I believe there is a heaven. One day, when I was a little boy in western North Carolina, I carved an inscription on one of the bricks of the old-fashioned chimney of my home. It read, “Heaven I hope to win.” I had been told at home and in the little country church and at Sunday school about a beautiful city. They had read Pilgrim’s Progress to me, and I had made up my mind to head heavenward.

Not long ago, I visited that old spot where the plain little house and the old chimney still stand. I searched for that inscription on the worn old brick, and to my delight I found it. Carved over half a century ago, most of it had been erased by the rains and the snows and the steady erosion of heat and cold. But I could still make out clearly two words—heaven and hope.

I, too, have stood the gales, the summers, the winters of all those years, but the ravages of life’s seasons have not removed the hope of heaven from my heart.
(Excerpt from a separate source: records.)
lemma C2_torus_imp_regular_test_function:
  assumes "C2_torus H"
  obtains A B where "regular_test_function H A B"
proof -
  obtain H' H'' where periodic: "\<And>y. H (y + 1) = H y"
    and H': "\<And>x. (H has_real_derivative H' x) (at x)"
    and H'': "\<And>x. (H' has_real_derivative H'' x) (at x)" and cont: "continuous_on UNIV H''"
    using assms unfolding C2_torus_def by blast
  have "continuous_on {0..2} H'"
    using H'' by (intro continuous_at_imp_continuous_on) (auto intro: DERIV_isCont)
  then obtain A where "0 < A" "A-lipschitz_on {0..2} H"
    using lipschitz_on_Icc_of_deriv[OF H'] by blast
  moreover obtain L where "L-lipschitz_on {-1..2} H'"
    using lipschitz_on_Icc_of_deriv[OF H'' continuous_on_subset[OF cont]] by blast
  then have "\<bar>H (u + h) - 2 * H u + H (u - h)\<bar> \<le> (2 * L) * h\<^sup>2" if "u \<in> {0..1}" "h \<in> {0..1}" for u h
    using that by (intro second_difference_le[OF H']) (auto elim!: lipschitz_on_subset)
  ultimately show ?thesis
    using that regular_test_function.intro periodic by blast
qed

subsection \<open>Increments of the empirical pairing\<close>

lemma pairing_eq: "pairing N \<eta> H = (\<Sum>z<N. of_bool (\<eta> z) * H (real z / real N)) / real N"
  by (simp add: pairing_def of_bool_def)

definition bond_increment :: "nat \<Rightarrow> (real \<Rightarrow> real) \<Rightarrow> (nat \<Rightarrow> bool) \<Rightarrow> nat \<Rightarrow> real" where
  "bond_increment N H \<eta> x =
     (of_bool (\<eta> x) - of_bool (\<eta> ((x + 1) mod N))) * (H (real (x + 1) / real N) - H (real x / real N)) / real N"

definition step_increment :: "nat \<Rightarrow> (real \<Rightarrow> real) \<Rightarrow> (nat \<Rightarrow> bool) \<Rightarrow> nat \<times> bool \<Rightarrow> real" where
  "step_increment N H \<eta> xc = pairing N (step_conf N xc \<eta>) H - pairing N \<eta> H"

definition pairing_drift :: "nat \<Rightarrow> (real \<Rightarrow> real) \<Rightarrow> (nat \<Rightarrow> bool) \<Rightarrow> real" where
  "pairing_drift N H \<eta> = measure_pmf.expectation (step_pmf N) (step_increment N H \<eta>)"

lemma summation_by_parts_cyclic:
  fixes E g :: "nat \<Rightarrow> real"
  assumes "E N = E 0" "g N = g 0"
  shows "(\<Sum>x<N. (E x - E (Suc x)) * g x) = (\<Sum>x<N. E (Suc x) * (g (Suc x) - g x))"
proof -
  have "(\<Sum>x<Suc N. E x * g x) = E 0 * g 0 + (\<Sum>x<N. E (Suc x) * g (Suc x))"
    by (rule sum.lessThan_Suc_shift)
  then have "(\<Sum>x<N. E x * g x) = (\<Sum>x<N. E (Suc x) * g (Suc x))"
    using assms by simp
  then show ?thesis by (simp add: algebra_simps sum_subtractf)
qed

context regular_test_function
begin

lemma lipschitz_abs: "u \<in> {0..2} \<Longrightarrow> v \<in> {0..2} \<Longrightarrow> \<bar>H v - H u\<bar> \<le> A * \<bar>v - u\<bar>"
  using lipschitz_onD[OF lipschitz, of v u] by (simp add: dist_real_def)

lemma pairing_swap_conf:
  assumes N: "2 \<le> N" and x: "x < N"
  shows "pairing N (swap_conf N x \<eta>) H - pairing N \<eta> H = bond_increment N H \<eta> x"
proof -
  define x' where "x' = (x + 1) mod N"
  have x': "x' < N" "x' \<noteq> x"
    using N x unfolding x'_def by (auto simp: mod_Suc)
  have swap: "swap_conf N x \<eta> z = (if z = x then \<eta> x' else if z = x' then \<eta> x else \<eta> z)" for z
    unfolding swap_conf_def x'_def by auto
  have H_x': "H (real x' / real N) = H (real (x + 1) / real N)"
  proof (cases "x + 1 = N")
    case True
    then show ?thesis using periodic[of 0] N by (simp add: x'_def)
  qed (use x in \<open>simp add: x'_def\<close>)
  define f where "f z = (of_bool (swap_conf N x \<eta> z) - of_bool (\<eta> z)) * H (real z / real N)" for z
  have "(\<Sum>z<N. of_bool (swap_conf N x \<eta> z) * H (real z / real N)) - (\<Sum>z<N. of_bool (\<eta> z) * H (real z / real N))
      = (\<Sum>z<N. f z)"
    by (simp add: f_def sum_subtractf algebra_simps)
  also have "\<dots> = (\<Sum>z\<in>{x, x'}. f z)"
    by (rule sum.mono_neutral_right) (use x x' in \<open>auto simp: f_def swap\<close>)
  also have "\<dots> = (of_bool (\<eta> x) - of_bool (\<eta> x')) * (H (real (x + 1) / real N) - H (real x / real N))"
    using x' by (simp add: f_def swap H_x' algebra_simps)
  finally show ?thesis
    unfolding pairing_eq bond_increment_def x'_def by (simp add: diff_divide_distrib[symmetric])
qed

lemma step_increment_eq:
  "2 \<le> N \<Longrightarrow> x < N \<Longrightarrow> step_increment N H \<eta> (x, c) = (if x \<noteq> N - 1 \<or> c then bond_increment N H \<eta> x else 0)"
  by (simp add: step_increment_def step_conf_def pairing_swap_conf)

lemma abs_bond_increment_le:
  assumes N: "2 \<le> N" and x: "x < N"
  shows "\<bar>bond_increment N H \<eta> x\<bar> \<le> A / real N ^ 2"
proof -
  have N_pos: "real N > 0" using N by simp
  have "\<bar>H (real (x + 1) / real N) - H (real x / real N)\<bar> \<le> A * \<bar>real (x + 1) / real N - real x / real N\<bar>"
    using x N_pos by (intro lipschitz_abs) (auto simp: field_simps)
  also have "\<dots> = A / real N" using N_pos by (simp add: field_simps)
  finally have "\<bar>H (real (x + 1) / real N) - H (real x / real N)\<bar> \<le> A / real N" .
  moreover have "\<bar>of_bool (\<eta> x) - of_bool (\<eta> ((x + 1) mod N)) :: real\<bar> \<le> 1" by simp
  ultimately have "\<bar>bond_increment N H \<eta> x\<bar> \<le> 1 * (A / real N) / real N"
    unfolding bond_increment_def abs_divide abs_mult abs_of_nat using N_pos
    by (intro divide_right_mono mult_mono) auto
  then show ?thesis by (simp add: power2_eq_square)
qed

lemma abs_step_increment_le: "2 \<le> N \<Longrightarrow> x < N \<Longrightarrow> \<bar>step_increment N H \<eta> (x, c)\<bar> \<le> A / real N ^ 2"
  using abs_bond_increment_le[of N x \<eta>] A_pos by (simp add: step_increment_eq)

text \<open>Under the uniform bond choice every bond contributes its full increment with weight
  \<open>1/N\<close>, except the slow bond, whose exchange is only performed with probability \<open>1/N\<close>.\<close>

lemma pairing_drift_eq:
  assumes N: "2 \<le> N"
  shows "pairing_drift N H \<eta>
    = (\<Sum>x<N. bond_increment N H \<eta> x) / real N - (1 - 1 / real N) * bond_increment N H \<eta> (N - 1) / real N"
proof -
  have N_pos: "real N > 0" using N by simp
  have pmf_bond: "pmf (pmf_of_set {..<N}) x = 1 / real N" if "x < N" for x
    using that by (simp add: lessThan_empty_iff)
  have "pairing_drift N H \<eta> = (\<Sum>xc\<in>{..<N} \<times> UNIV. step_increment N H \<eta> xc * pmf (step_pmf N) xc)"
    unfolding pairing_drift_def
    by (rule integral_measure_pmf_real) (use N in \<open>auto simp: step_pmf_def lessThan_empty_iff\<close>)
  also have "\<dots> = (\<Sum>x<N. \<Sum>c\<in>UNIV. step_increment N H \<eta> (x, c) * pmf (step_pmf N) (x, c))"
    by (simp add: sum.cartesian_product)
  also have "\<dots> = (\<Sum>x<N. (bond_increment N H \<eta> x - (if x = N - 1 then (1 - 1 / real N) * bond_increment N H \<eta> x else 0)) / real N)"
    by (intro sum.cong refl)
      (auto simp: UNIV_bool step_pmf_def pmf_pair step_increment_eq[OF N] pmf_bond field_simps)
  also have "\<dots> = (\<Sum>x<N. bond_increment N H \<eta> x) / real N - (1 - 1 / real N) * bond_increment N H \<eta> (N - 1) / real N"
    using N by (simp add: sum_divide_distrib[symmetric] sum_subtractf sum.delta diff_divide_distrib)
  finally show ?thesis .
qed
lemma min_size_attained:
  assumes "computes n m gs outs A"
  obtains gs' outs' where "computes n m gs' outs' A" "length gs' = min_size n m A"
  using LeastI_ex[of "\<lambda>s. \<exists>gs outs. computes n m gs outs A \<and> length gs = s"] assms
  unfolding min_size_def by blast

lemma cf_min_size_attained:
  assumes "computes n m gs outs A" "cancellation_free n gs"
  obtains gs' outs' where "computes n m gs' outs' A" "cancellation_free n gs'"
    "length gs' = cf_min_size n m A"
  using LeastI_ex[of "\<lambda>s. \<exists>gs outs. computes n m gs outs A \<and> cancellation_free n gs \<and> length gs = s"]
    assms
  unfolding cf_min_size_def by blast

lemma min_size_pos:
  assumes c: "computes n m gs outs A" and i: "i < m" and j: "j < n" "j' < n" "j \<noteq> j'"
    and A: "A i j" "A i j'"
  shows "0 < min_size n m A"
proof (rule ccontr)
  assume "\<not> 0 < min_size n m A"
  obtain gs' outs' where c': "computes n m gs' outs' A" and "length gs' = 0"
    using min_size_attained[OF c] \<open>\<not> 0 < min_size n m A\<close> by (metis neq0_conv)
  then have "outs' i < n" using i by (simp add: computes_def wf_circuit_def)
  then have "kappa n gs' (outs' i) = (\<lambda>l. l = outs' i)" by (rule kappa_input)
  moreover have "kappa n gs' (outs' i) j" "kappa n gs' (outs' i) j'"
    using c' i j A by (auto simp: computes_def)
  ultimately show False using j by simp
qed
It is imbedded there more securely than my boyish fingers ever carved it into that old brick. The infidels have blown their blast, and Bible critics even in pulpits and seminary chairs have tried to dim that hope. But it burns brighter than ever before.

When I wrote that inscription, most of my loved ones were living here. Now most of them have taken up their residence over there. But best of all, I have my Savior’s word about it: “In My Father’s house are many mansions: if it were not so, I would have told you. I go to prepare a place for you” (John 14:2). That settles it. If it weren’t true, He would let us know. And on that rock I stand.